New fundamental rights will need to be created to protect humanity from the ‘genuinely new risks’ posed by artificial intelligence and climate change, the master of the rolls proposed this week.
Giving the Blackstone Lecture at Pembroke College, Oxford, Sir Geoffrey Vos said that existing forms of domestic, EU or international regulation are ‘probably not competent to prevent AI being used inappropriately’ to make life-changing decisions. Likewise, current treaties and international conventions ‘seem to provide individuals in different parts of the world with insufficient rights to impose limits on businesses and governments that are probably doing too little to prevent global environmental damage’.
As a solution, the head of civil justice in England and Wales proposed creating a fundamental right to have human rather than machine oversight of ‘decisions requiring empathy or emotional intelligence’. He conceded that defining those decisions would pose difficulties.
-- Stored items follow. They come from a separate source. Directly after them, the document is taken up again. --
lemma sum_large_step_lengths_infdist:
  assumes "sol_set F C \<noteq> {}"
  shows "(\<Sum>j\<in>large_steps k. norm (y j - x (j - 1))^2) \<le> d0^2 / (\<tau> * (1 - \<sigma>^2))"
proof -
  have pos: "0 < \<tau> * (1 - \<sigma>^2)" using \<tau>_pos one_minus_\<sigma>_sq_pos by simp
  have "(\<Sum>j\<in>large_steps k. norm (y j - x (j - 1))^2) \<le> 1 / (\<tau> * (1 - \<sigma>^2)) * dist (x 0) s ^ 2"
    if "s \<in> sol_set F C" for s
    using sum_large_step_lengths_bound[OF that, of k] pos
    by (simp add: dist_norm pos_le_divide_eq mult.commute)
  then have "(\<Sum>j\<in>large_steps k. norm (y j - x (j - 1))^2) \<le> 1 / (\<tau> * (1 - \<sigma>^2)) * d0^2"
    using pos by (intro le_mult_infdist_power[OF assms]) auto
  then show ?thesis by simp
qed

lemma lam_sum_cube_bound_infdist:
  assumes "sol_set F C \<noteq> {}"
  shows "\<eta>^2 * real (num_large k)^3 \<le> lam_sum k^2 * (d0^2 / (\<tau> * (1 - \<sigma>^2)))"
  using lam_sum_cube_bound[of k] sum_large_step_lengths_infdist[OF assms, of k]
  by (smt (verit) mult_left_mono zero_le_power2)

lemma pointwise_complexity:
  assumes "closed C" "sol_set F C \<noteq> {}" "\<rho> > 0"
  shows "\<exists>k\<in>{1..nat \<lceil>(2 / (\<tau> * \<eta> * (1 - \<sigma>))) * (d0^2 / \<rho>)\<rceil> + log_term \<rho>}.
           \<nu> k \<in> normal_cone C (y k) \<and> norm (v k) \<le> \<rho>"
proof (rule ccontr)
  define X where "X = (2 / (\<tau> * \<eta> * (1 - \<sigma>))) * (d0^2 / \<rho>)"
  define M where "M = nat \<lceil>X\<rceil> + log_term \<rho>"
  assume "\<not> ?thesis"
  then have big: "\<forall>j\<in>{1..M}. norm (v j) > \<rho>" using \<nu>_normal_cone by (force simp: M_def X_def)
  have "X > 0" using d0_pos[OF assms(1,2)] \<open>\<rho> > 0\<close> \<tau>_pos \<eta>_pos \<sigma>_less_one by (simp add: X_def)
  have A: "X \<le> 2 * real (num_large M)"
    using many_large_steps[OF big[unfolded M_def] \<open>\<rho> > 0\<close>] by (simp add: M_def) linarith
  then have ne: "large_steps M \<noteq> {}" using \<open>X > 0\<close> by auto
  have "\<rho> * real (num_large M) = (\<Sum>j\<in>large_steps M. \<rho>)" by simp
  also have "\<dots> < (\<Sum>j\<in>large_steps M. norm (v j))"
    using big large_steps_subset by (intro sum_strict_mono[OF finite_large_steps ne]) auto
  also have "\<dots> \<le> (\<Sum>j\<in>large_steps M. (1 + \<sigma>) / \<eta> * norm (y j - x (j - 1))^2)"
    using large_step_v_bound \<eta>_pos by (intro sum_mono) (simp add: field_simps)
  also have "\<dots> = (1 + \<sigma>) / \<eta> * (\<Sum>j\<in>large_steps M. norm (y j - x (j - 1))^2)"
    by (simp add: sum_distrib_left)
  also have "\<dots> \<le> (1 + \<sigma>) / \<eta> * (d0^2 / (\<tau> * (1 - \<sigma>^2)))"
    using sum_large_step_lengths_infdist[OF assms(2), of M] \<sigma>_pos \<eta>_pos by (intro mult_left_mono) auto
  also have "\<dots> = \<rho> * (X / 2)"
  proof -
    have key: "b / \<eta> * (d0^2 / (\<tau> * (a * b))) = \<rho> * (2 / (\<tau> * \<eta> * a) * (d0^2 / \<rho>) / 2)"
      if "0 < a" "0 < b" for a b
      using that \<tau>_pos \<eta>_pos \<open>\<rho> > 0\<close> by (simp add: field_simps)
    have "1 - \<sigma>^2 = (1 - \<sigma>) * (1 + \<sigma>)" by (simp add: algebra_simps power2_eq_square)
    then show ?thesis unfolding X_def by (simp only:) (rule key, use \<sigma>_pos \<sigma>_less_one in auto)
  qed
  finally show False using A \<open>\<rho> > 0\<close> by (simp add: mult_less_cancel_left_pos)
qed
lemma st_le_law_lower_cdf:
  fixes X :: "'a \<Rightarrow> real"
  assumes "prob_space M" and X: "X \<in> borel_measurable M"
    and "prob_space \<nu>" and sets_\<nu>: "sets \<nu> = sets borel" and nonneg: "measure \<nu> {0..} = 1"
    and st: "st_le_law \<nu> M X"
  shows "measure M {\<omega>\<in>space M. X \<omega> < t} \<le> measure \<nu> {0..<t}"
proof -
  interpret M: prob_space M by fact
  interpret \<nu>: prob_space \<nu> by fact
  have tail: "measure \<nu> {t..} \<le> measure M {\<omega>\<in>space M. t \<le> X \<omega>}"
  proof (rule M.measure_ge_bound_from_gt[OF X])
    fix s assume "s < t"
    then have "measure \<nu> {t..} \<le> measure \<nu> {s<..}"
      by (intro \<nu>.finite_measure_mono) (auto simp: sets_\<nu>)
    also have "\<dots> \<le> measure M {\<omega>\<in>space M. s < X \<omega>}"
      using st unfolding st_le_law_def by simp
    finally show "measure \<nu> {t..} \<le> measure M {\<omega>\<in>space M. s < X \<omega>}" .
  qed
  have "1 = measure \<nu> {0..}" using nonneg by simp
  also have "\<dots> \<le> measure \<nu> ({0..<t} \<union> {t..})"
    by (rule \<nu>.finite_measure_mono) (auto simp: sets_\<nu>)
  also have "\<dots> \<le> measure \<nu> {0..<t} + measure \<nu> {t..}"
    by (rule measure_subadditive) (auto simp: sets_\<nu>)
  finally have "1 \<le> measure \<nu> {0..<t} + measure \<nu> {t..}" .
  moreover have "measure M {\<omega>\<in>space M. X \<omega> < t} = 1 - measure M {\<omega>\<in>space M. t \<le> X \<omega>}"
    using M.prob_neg[of "\<lambda>\<omega>. t \<le> X \<omega>"] X by (simp add: not_le)
  ultimately show ?thesis using tail by linarith
qed
(* Let $R_1$ and $R_2$ be commutative rings with nonzero identity, let $I_1$ be a proper ideal of $R_1$ and $I_2$ a proper ideal of $R_2$, and put $R=R_1\times R_2$ and $I=I_1\times I_2$. Then the graph $\Gamma''_{I}(R)$ is connected and $\operatorname{diam}(\Gamma''_{I}(R))\leq 3$.
   Context: All rings are commutative with nonzero identity; $R_1\times R_2$ has componentwise operations and $I_1\times I_2$ is an ideal of it. For a ring $R$ and an ideal $I$ of $R$, $\Gamma''_I(R)$ is the simple undirected graph whose vertex set is $\{x\in R\setminus I : xR+I\neq R\}$, and two distinct vertices $x,y$ are adjacent if and only if $x\notin yR+I$ and $y\notin xR+I$. A graph is connected if any two distinct vertices are joined by a path; the diameter is the supremum of the distances (lengths of shortest paths) between vertices. *)

theory Defs
  imports "HOL-Algebra.Chinese_Remainder" "HOL-Library.Extended_Nat"
begin

definition elt_ideal_sum :: "('a, 'm) ring_scheme \<Rightarrow> 'a set \<Rightarrow> 'a \<Rightarrow> 'a set" where
  "elt_ideal_sum R I x = {x \<otimes>\<^bsub>R\<^esub> r \<oplus>\<^bsub>R\<^esub> i | r i. r \<in> carrier R \<and> i \<in> I}"

definition gverts :: "('a, 'm) ring_scheme \<Rightarrow> 'a set \<Rightarrow> 'a set" where
  "gverts R I = {x \<in> carrier R - I. elt_ideal_sum R I x \<noteq> carrier R}"

definition gadj :: "('a, 'm) ring_scheme \<Rightarrow> 'a set \<Rightarrow> 'a \<Rightarrow> 'a \<Rightarrow> bool" where
  "gadj R I x y \<longleftrightarrow> x \<in> gverts R I \<and> y \<in> gverts R I \<and> x \<noteq> y \<and>
     x \<notin> elt_ideal_sum R I y \<and> y \<notin> elt_ideal_sum R I x"

definition is_walk :: "'a set \<Rightarrow> ('a \<Rightarrow> 'a \<Rightarrow> bool) \<Rightarrow> 'a \<Rightarrow> 'a \<Rightarrow> 'a list \<Rightarrow> bool" where
  "is_walk V E u v p \<longleftrightarrow> p \<noteq> [] \<and> hd p = u \<and> last p = v \<and> set p \<subseteq> V \<and> successively E p"

definition graph_connected :: "'a set \<Rightarrow> ('a \<Rightarrow> 'a \<Rightarrow> bool) \<Rightarrow> bool" where
  "graph_connected V E \<longleftrightarrow> (\<forall>u\<in>V. \<forall>v\<in>V. u \<noteq> v \<longrightarrow> (\<exists>p. is_walk V E u v p))"

text \<open>Distance (infinity if no path) and diameter (supremum of distances).\<close>
definition graph_dist :: "'a set \<Rightarrow> ('a \<Rightarrow> 'a \<Rightarrow> bool) \<Rightarrow> 'a \<Rightarrow> 'a \<Rightarrow> enat" where
  "graph_dist V E u v = (INF p \<in> {p. is_walk V E u v p}. enat (length p - 1))"

definition graph_diam :: "'a set \<Rightarrow> ('a \<Rightarrow> 'a \<Rightarrow> bool) \<Rightarrow> enat" where
  "graph_diam V E = (SUP (u, v) \<in> V \<times> V. graph_dist V E u v)"

end

theory Submission
  imports Defs
begin

text \<open>The idempotents \<open>(\<one>, \<zero>)\<close> and \<open>(\<zero>, \<one>)\<close> of \<open>R\<^sub>1 \<times> R\<^sub>2\<close> are adjacent vertices
  of \<open>\<Gamma>''\<^sub>I(R)\<close>, and every vertex \<open>(a, b)\<close> is adjacent to one of them: to \<open>(\<one>, \<zero>)\<close>
  as soon as \<open>b \<notin> I\<^sub>2\<close> and \<open>aR\<^sub>1 + I\<^sub>1 \<noteq> R\<^sub>1\<close>, symmetrically for \<open>(\<zero>, \<one>)\<close>, and if neither
  applies then \<open>(a, b)\<close> lies in \<open>I\<close> or generates \<open>R\<close> modulo \<open>I\<close>, so is no vertex.
  Hence any two vertices are joined by a walk \<open>u, h, h', v\<close> through these hubs.\<close>

lemma is_walk_Cons_Cons:
  "is_walk V E u v (u # w # ws) \<longleftrightarrow> u \<in> V \<and> E u w \<and> is_walk V E w v (w # ws)"
  unfolding is_walk_def by auto

lemma is_walk_singleton: "is_walk V E u v [w] \<longleftrightarrow> u = w \<and> v = w \<and> w \<in> V"
  unfolding is_walk_def by auto

lemma graph_dist_le_walk_length:
  assumes "is_walk V E u v p"
  shows "graph_dist V E u v \<le> enat (length p - 1)"
  unfolding graph_dist_def using assms by (intro INF_lower) auto

lemma graph_diam_le:
  assumes "\<And>u v. u \<in> V \<Longrightarrow> v \<in> V \<Longrightarrow> \<exists>p. is_walk V E u v p \<and> length p \<le> Suc n"
  shows "graph_diam V E \<le> enat n"
  unfolding graph_diam_def
proof (intro SUP_least, clarify)
  fix u v assume "u \<in> V" "v \<in> V"
  then obtain p where p: "is_walk V E u v p" "length p \<le> Suc n" using assms by blast
  have "graph_dist V E u v \<le> enat (length p - 1)" using graph_dist_le_walk_length[OF p(1)] .
  also have "\<dots> \<le> enat n" using p(2) by simp
  finally show "graph_dist V E u v \<le> enat n" .
qed

lemma graph_connected_diam_le_3_if_dominating_edge:
  assumes adj_in_V: "\<And>x y. E x y \<Longrightarrow> x \<in> V \<and> y \<in> V"
    and adj_sym: "\<And>x y. E x y \<Longrightarrow> E y x"
    and hubs_adj: "E h\<^sub>1 h\<^sub>2"
    and dominating: "\<And>x. x \<in> V \<Longrightarrow> E x h\<^sub>1 \<or> E x h\<^sub>2"
  shows "graph_connected V E \<and> graph_diam V E \<le> 3"
proof -
  have short_walk: "\<exists>p. is_walk V E u v p \<and> length p \<le> 4" if "u \<in> V" "v \<in> V" for u v
  proof -
    obtain h h' where h: "E u h" "h \<in> {h\<^sub>1, h\<^sub>2}" and h': "E h' v" "h' \<in> {h\<^sub>1, h\<^sub>2}"
      using dominating[OF \<open>u \<in> V\<close>] dominating[OF \<open>v \<in> V\<close>] adj_sym by blast
    show ?thesis
    proof (cases "h = h'")
      case True
      then have "is_walk V E u v [u, h, v]"
        using h h' adj_in_V by (auto simp: is_walk_Cons_Cons is_walk_singleton)
      then show ?thesis by fastforce
    next
      case False
      then have "E h h'" using h(2) h'(2) hubs_adj adj_sym by blast
      then have "is_walk V E u v [u, h, h', v]"
        using h h' adj_in_V by (auto simp: is_walk_Cons_Cons is_walk_singleton)
      then show ?thesis by fastforce
    qed
  qed
  have "graph_connected V E" unfolding graph_connected_def using short_walk by blast
  moreover have "graph_diam V E \<le> enat 3"
    using short_walk by (intro graph_diam_le) (simp add: numeral_eq_Suc)
  ultimately show ?thesis by (simp add: numeral_eq_enat)
qed

context ideal
begin

lemma elt_ideal_sum_subset_carrier:
  assumes "a \<in> carrier R"
  shows "elt_ideal_sum R I a \<subseteq> carrier R"
  unfolding elt_ideal_sum_def using assms by auto

lemma elt_ideal_sum_eq_carrier_iff:
  assumes "a \<in> carrier R"
  shows "elt_ideal_sum R I a = carrier R \<longleftrightarrow> \<one> \<in> elt_ideal_sum R I a"
proof
  assume "\<one> \<in> elt_ideal_sum R I a"
  then obtain r i where ri: "r \<in> carrier R" "i \<in> I" "\<one> = a \<otimes> r \<oplus> i"
    unfolding elt_ideal_sum_def by auto
  have "c \<in> elt_ideal_sum R I a" if c: "c \<in> carrier R" for c
  proof -
    have "c = (a \<otimes> r \<oplus> i) \<otimes> c" using ri c by (metis l_one)
    also have "\<dots> = a \<otimes> (r \<otimes> c) \<oplus> i \<otimes> c" using ri c assms by (simp add: l_distr m_assoc)
    finally show ?thesis unfolding elt_ideal_sum_def using ri c I_r_closed by blast
  qed
  then show "elt_ideal_sum R I a = carrier R" using elt_ideal_sum_subset_carrier[OF assms] by blast
qed simp

lemma elt_ideal_sum_one: "elt_ideal_sum R I \<one> = carrier R"
proof -
  have "\<one> = \<one> \<otimes> \<one> \<oplus> \<zero>" by simp
  then have "\<one> \<in> elt_ideal_sum R I \<one>"
    unfolding elt_ideal_sum_def using one_closed additive_subgroup.zero_closed[OF is_additive_subgroup]
    by blast
  then show ?thesis using elt_ideal_sum_eq_carrier_iff by simp
qed

lemma elt_ideal_sum_of_mem:
  assumes "a \<in> I"
  shows "elt_ideal_sum R I a = I"
proof
  show "elt_ideal_sum R I a \<subseteq> I" unfolding elt_ideal_sum_def using assms I_r_closed by auto
  have "i = a \<otimes> \<zero> \<oplus> i" if "i \<in> I" for i using that assms by simp
  then show "I \<subseteq> elt_ideal_sum R I a" unfolding elt_ideal_sum_def by blast
qed

lemma elt_ideal_sum_zero: "elt_ideal_sum R I \<zero> = I"
  using elt_ideal_sum_of_mem additive_subgroup.zero_closed[OF is_additive_subgroup] .

end

lemma RDirProd_mult: "(a, b) \<otimes>\<^bsub>RDirProd R S\<^esub> (c, d) = (a \<otimes>\<^bsub>R\<^esub> c, b \<otimes>\<^bsub>S\<^esub> d)"
  by (simp add: RDirProd_def DirProd_def monoid.defs)

lemma RDirProd_add: "(a, b) \<oplus>\<^bsub>RDirProd R S\<^esub> (c, d) = (a \<oplus>\<^bsub>R\<^esub> c, b \<oplus>\<^bsub>S\<^esub> d)"
  by (simp add: RDirProd_def DirProd_def monoid.defs)

lemma elt_ideal_sum_RDirProd:
  "elt_ideal_sum (RDirProd R S) (I \<times> J) (a, b) = elt_ideal_sum R I a \<times> elt_ideal_sum S J b"
  unfolding elt_ideal_sum_def RDirProd_carrier by (auto simp: RDirProd_mult RDirProd_add)

lemma gverts_RDirProd_iff:
  assumes "ideal I\<^sub>1 R\<^sub>1" "ideal I\<^sub>2 R\<^sub>2"
  shows "(a, b) \<in> gverts (RDirProd R\<^sub>1 R\<^sub>2) (I\<^sub>1 \<times> I\<^sub>2) \<longleftrightarrow>
    a \<in> carrier R\<^sub>1 \<and> b \<in> carrier R\<^sub>2 \<and> \<not> (a \<in> I\<^sub>1 \<and> b \<in> I\<^sub>2) \<and>
    \<not> (elt_ideal_sum R\<^sub>1 I\<^sub>1 a = carrier R\<^sub>1 \<and> elt_ideal_sum R\<^sub>2 I\<^sub>2 b = carrier R\<^sub>2)"
proof -
  interpret R\<^sub>1: ideal I\<^sub>1 R\<^sub>1 by fact
  interpret R\<^sub>2: ideal I\<^sub>2 R\<^sub>2 by fact
  have "A \<times> B = carrier R\<^sub>1 \<times> carrier R\<^sub>2 \<longleftrightarrow> A = carrier R\<^sub>1 \<and> B = carrier R\<^sub>2" for A B
    using R\<^sub>1.one_closed R\<^sub>2.one_closed by (auto simp: times_eq_iff)
  then show ?thesis unfolding gverts_def RDirProd_carrier by (simp add: elt_ideal_sum_RDirProd)
qed

lemma one_zero_in_gverts_RDirProd:
  assumes "ideal I\<^sub>1 R\<^sub>1" "I\<^sub>1 \<noteq> carrier R\<^sub>1" "ideal I\<^sub>2 R\<^sub>2" "I\<^sub>2 \<noteq> carrier R\<^sub>2"
  shows "(\<one>\<^bsub>R\<^sub>1\<^esub>, \<zero>\<^bsub>R\<^sub>2\<^esub>) \<in> gverts (RDirProd R\<^sub>1 R\<^sub>2) (I\<^sub>1 \<times> I\<^sub>2)"
proof -
  interpret R\<^sub>1: ideal I\<^sub>1 R\<^sub>1 by fact
  interpret R\<^sub>2: ideal I\<^sub>2 R\<^sub>2 by fact
  have "\<one>\<^bsub>R\<^sub>1\<^esub> \<notin> I\<^sub>1" using R\<^sub>1.one_imp_carrier assms(2) by blast
  then show ?thesis
    using assms(4) by (simp add: gverts_RDirProd_iff[OF assms(1,3)] ideal.elt_ideal_sum_of_mem[OF assms(3)])
qed

lemma zero_one_in_gverts_RDirProd:
  assumes "ideal I\<^sub>1 R\<^sub>1" "I\<^sub>1 \<noteq> carrier R\<^sub>1" "ideal I\<^sub>2 R\<^sub>2" "I\<^sub>2 \<noteq> carrier R\<^sub>2"
  shows "(\<zero>\<^bsub>R\<^sub>1\<^esub>, \<one>\<^bsub>R\<^sub>2\<^esub>) \<in> gverts (RDirProd R\<^sub>1 R\<^sub>2) (I\<^sub>1 \<times> I\<^sub>2)"
proof -
  interpret R\<^sub>1: ideal I\<^sub>1 R\<^sub>1 by fact
  interpret R\<^sub>2: ideal I\<^sub>2 R\<^sub>2 by fact
  have "\<one>\<^bsub>R\<^sub>2\<^esub> \<notin> I\<^sub>2" using R\<^sub>2.one_imp_carrier assms(4) by blast
  then show ?thesis
    using assms(2) by (simp add: gverts_RDirProd_iff[OF assms(1,3)] ideal.elt_ideal_sum_of_mem[OF assms(1)])
qed

lemma gadj_RDirProd_one_zero:
  assumes "ideal I\<^sub>1 R\<^sub>1" "I\<^sub>1 \<noteq> carrier R\<^sub>1" "ideal I\<^sub>2 R\<^sub>2" "I\<^sub>2 \<noteq> carrier R\<^sub>2"
    and "(a, b) \<in> gverts (RDirProd R\<^sub>1 R\<^sub>2) (I\<^sub>1 \<times> I\<^sub>2)"
    and "b \<notin> I\<^sub>2" "elt_ideal_sum R\<^sub>1 I\<^sub>1 a \<noteq> carrier R\<^sub>1"
  shows "gadj (RDirProd R\<^sub>1 R\<^sub>2) (I\<^sub>1 \<times> I\<^sub>2) (a, b) (\<one>\<^bsub>R\<^sub>1\<^esub>, \<zero>\<^bsub>R\<^sub>2\<^esub>)"
proof -
  have "(\<one>\<^bsub>R\<^sub>1\<^esub>, \<zero>\<^bsub>R\<^sub>2\<^esub>) \<in> gverts (RDirProd R\<^sub>1 R\<^sub>2) (I\<^sub>1 \<times> I\<^sub>2)"
    using one_zero_in_gverts_RDirProd[OF assms(1-4)] .
  moreover have "a \<in> carrier R\<^sub>1" using assms(5) gverts_RDirProd_iff[OF assms(1,3)] by blast
  ultimately show ?thesis
    using assms(5-7) unfolding gadj_def elt_ideal_sum_RDirProd
    by (auto simp: ideal.elt_ideal_sum_eq_carrier_iff[OF assms(1)] ideal.elt_ideal_sum_one[OF assms(1)]
      ideal.elt_ideal_sum_zero[OF assms(3)])
qed

lemma gadj_RDirProd_zero_one:
  assumes "ideal I\<^sub>1 R\<^sub>1" "I\<^sub>1 \<noteq> carrier R\<^sub>1" "ideal I\<^sub>2 R\<^sub>2" "I\<^sub>2 \<noteq> carrier R\<^sub>2"
    and "(a, b) \<in> gverts (RDirProd R\<^sub>1 R\<^sub>2) (I\<^sub>1 \<times> I\<^sub>2)"
    and "a \<notin> I\<^sub>1" "elt_ideal_sum R\<^sub>2 I\<^sub>2 b \<noteq> carrier R\<^sub>2"
  shows "gadj (RDirProd R\<^sub>1 R\<^sub>2) (I\<^sub>1 \<times> I\<^sub>2) (a, b) (\<zero>\<^bsub>R\<^sub>1\<^esub>, \<one>\<^bsub>R\<^sub>2\<^esub>)"
proof -
  have "(\<zero>\<^bsub>R\<^sub>1\<^esub>, \<one>\<^bsub>R\<^sub>2\<^esub>) \<in> gverts (RDirProd R\<^sub>1 R\<^sub>2) (I\<^sub>1 \<times> I\<^sub>2)"
    using zero_one_in_gverts_RDirProd[OF assms(1-4)] .
  moreover have "b \<in> carrier R\<^sub>2" using assms(5) gverts_RDirProd_iff[OF assms(1,3)] by blast
  ultimately show ?thesis
    using assms(5-7) unfolding gadj_def elt_ideal_sum_RDirProd
    by (auto simp: ideal.elt_ideal_sum_eq_carrier_iff[OF assms(3)] ideal.elt_ideal_sum_one[OF assms(3)]
      ideal.elt_ideal_sum_zero[OF assms(1)])
qed

lemma gverts_RDirProd_adj_one_zero_or_zero_one:
  assumes "ideal I\<^sub>1 R\<^sub>1" "I\<^sub>1 \<noteq> carrier R\<^sub>1" "ideal I\<^sub>2 R\<^sub>2" "I\<^sub>2 \<noteq> carrier R\<^sub>2"
    and x: "x \<in> gverts (RDirProd R\<^sub>1 R\<^sub>2) (I\<^sub>1 \<times> I\<^sub>2)"
  shows "gadj (RDirProd R\<^sub>1 R\<^sub>2) (I\<^sub>1 \<times> I\<^sub>2) x (\<one>\<^bsub>R\<^sub>1\<^esub>, \<zero>\<^bsub>R\<^sub>2\<^esub>)
    \<or> gadj (RDirProd R\<^sub>1 R\<^sub>2) (I\<^sub>1 \<times> I\<^sub>2) x (\<zero>\<^bsub>R\<^sub>1\<^esub>, \<one>\<^bsub>R\<^sub>2\<^esub>)"
proof -
  obtain a b where ab: "x = (a, b)" by fastforce
  have "b \<notin> I\<^sub>2 \<and> elt_ideal_sum R\<^sub>1 I\<^sub>1 a \<noteq> carrier R\<^sub>1 \<or> a \<notin> I\<^sub>1 \<and> elt_ideal_sum R\<^sub>2 I\<^sub>2 b \<noteq> carrier R\<^sub>2"
    using x assms(2,4) unfolding ab gverts_RDirProd_iff[OF assms(1,3)]
    by (cases "a \<in> I\<^sub>1"; cases "b \<in> I\<^sub>2")
      (simp_all add: ideal.elt_ideal_sum_of_mem[OF assms(1)] ideal.elt_ideal_sum_of_mem[OF assms(3)])
  then show ?thesis
    using gadj_RDirProd_one_zero[OF assms(1-4)] gadj_RDirProd_zero_one[OF assms(1-4)] x ab by blast
qed

theorem theorem2p9:
  fixes R1 :: "('a, 'm) ring_scheme" and R2 :: "('b, 'n) ring_scheme"
    and I1 :: "'a set" and I2 :: "'b set"
  assumes "cring R1" and "\<one>\<^bsub>R1\<^esub> \<noteq> \<zero>\<^bsub>R1\<^esub>"
    and "cring R2" and "\<one>\<^bsub>R2\<^esub> \<noteq> \<zero>\<^bsub>R2\<^esub>"
    and "ideal I1 R1" and "I1 \<noteq> carrier R1"
    and "ideal I2 R2" and "I2 \<noteq> carrier R2"
  shows "graph_connected (gverts (RDirProd R1 R2) (I1 \<times> I2)) (gadj (RDirProd R1 R2) (I1 \<times> I2))
    \<and> graph_diam (gverts (RDirProd R1 R2) (I1 \<times> I2)) (gadj (RDirProd R1 R2) (I1 \<times> I2)) \<le> 3"
proof (rule graph_connected_diam_le_3_if_dominating_edge)
  note ideals = assms(5-8)
  let ?E = "gadj (RDirProd R1 R2) (I1 \<times> I2)"
  show "?E x y \<Longrightarrow> x \<in> gverts (RDirProd R1 R2) (I1 \<times> I2) \<and> y \<in> gverts (RDirProd R1 R2) (I1 \<times> I2)"
    and "?E x y \<Longrightarrow> ?E y x" for x y
    unfolding gadj_def by auto
  show "?E x (\<one>\<^bsub>R1\<^esub>, \<zero>\<^bsub>R2\<^esub>) \<or> ?E x (\<zero>\<^bsub>R1\<^esub>, \<one>\<^bsub>R2\<^esub>)"
    if "x \<in> gverts (RDirProd R1 R2) (I1 \<times> I2)" for x
    using gverts_RDirProd_adj_one_zero_or_zero_one[OF ideals that] .
  then show "?E (\<one>\<^bsub>R1\<^esub>, \<zero>\<^bsub>R2\<^esub>) (\<zero>\<^bsub>R1\<^esub>, \<one>\<^bsub>R2\<^esub>)"
    using one_zero_in_gverts_RDirProd[OF ideals] unfolding gadj_def by blast
qed

end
However, without such action, ‘AI will eventually decide, or advise on the outcomes, of even the most empathetic of human decisions, affecting human lives.
‘The environmental problem is even more difficult,’ Vos said, noting that 2,500 pieces of climate litigation are under way across the world. ‘The solution could be an additional individual right, but it could also be a more granular international treaty. Both seem to be very difficult to achieve, particularly in light of the events at the recent Cop 29 summit.’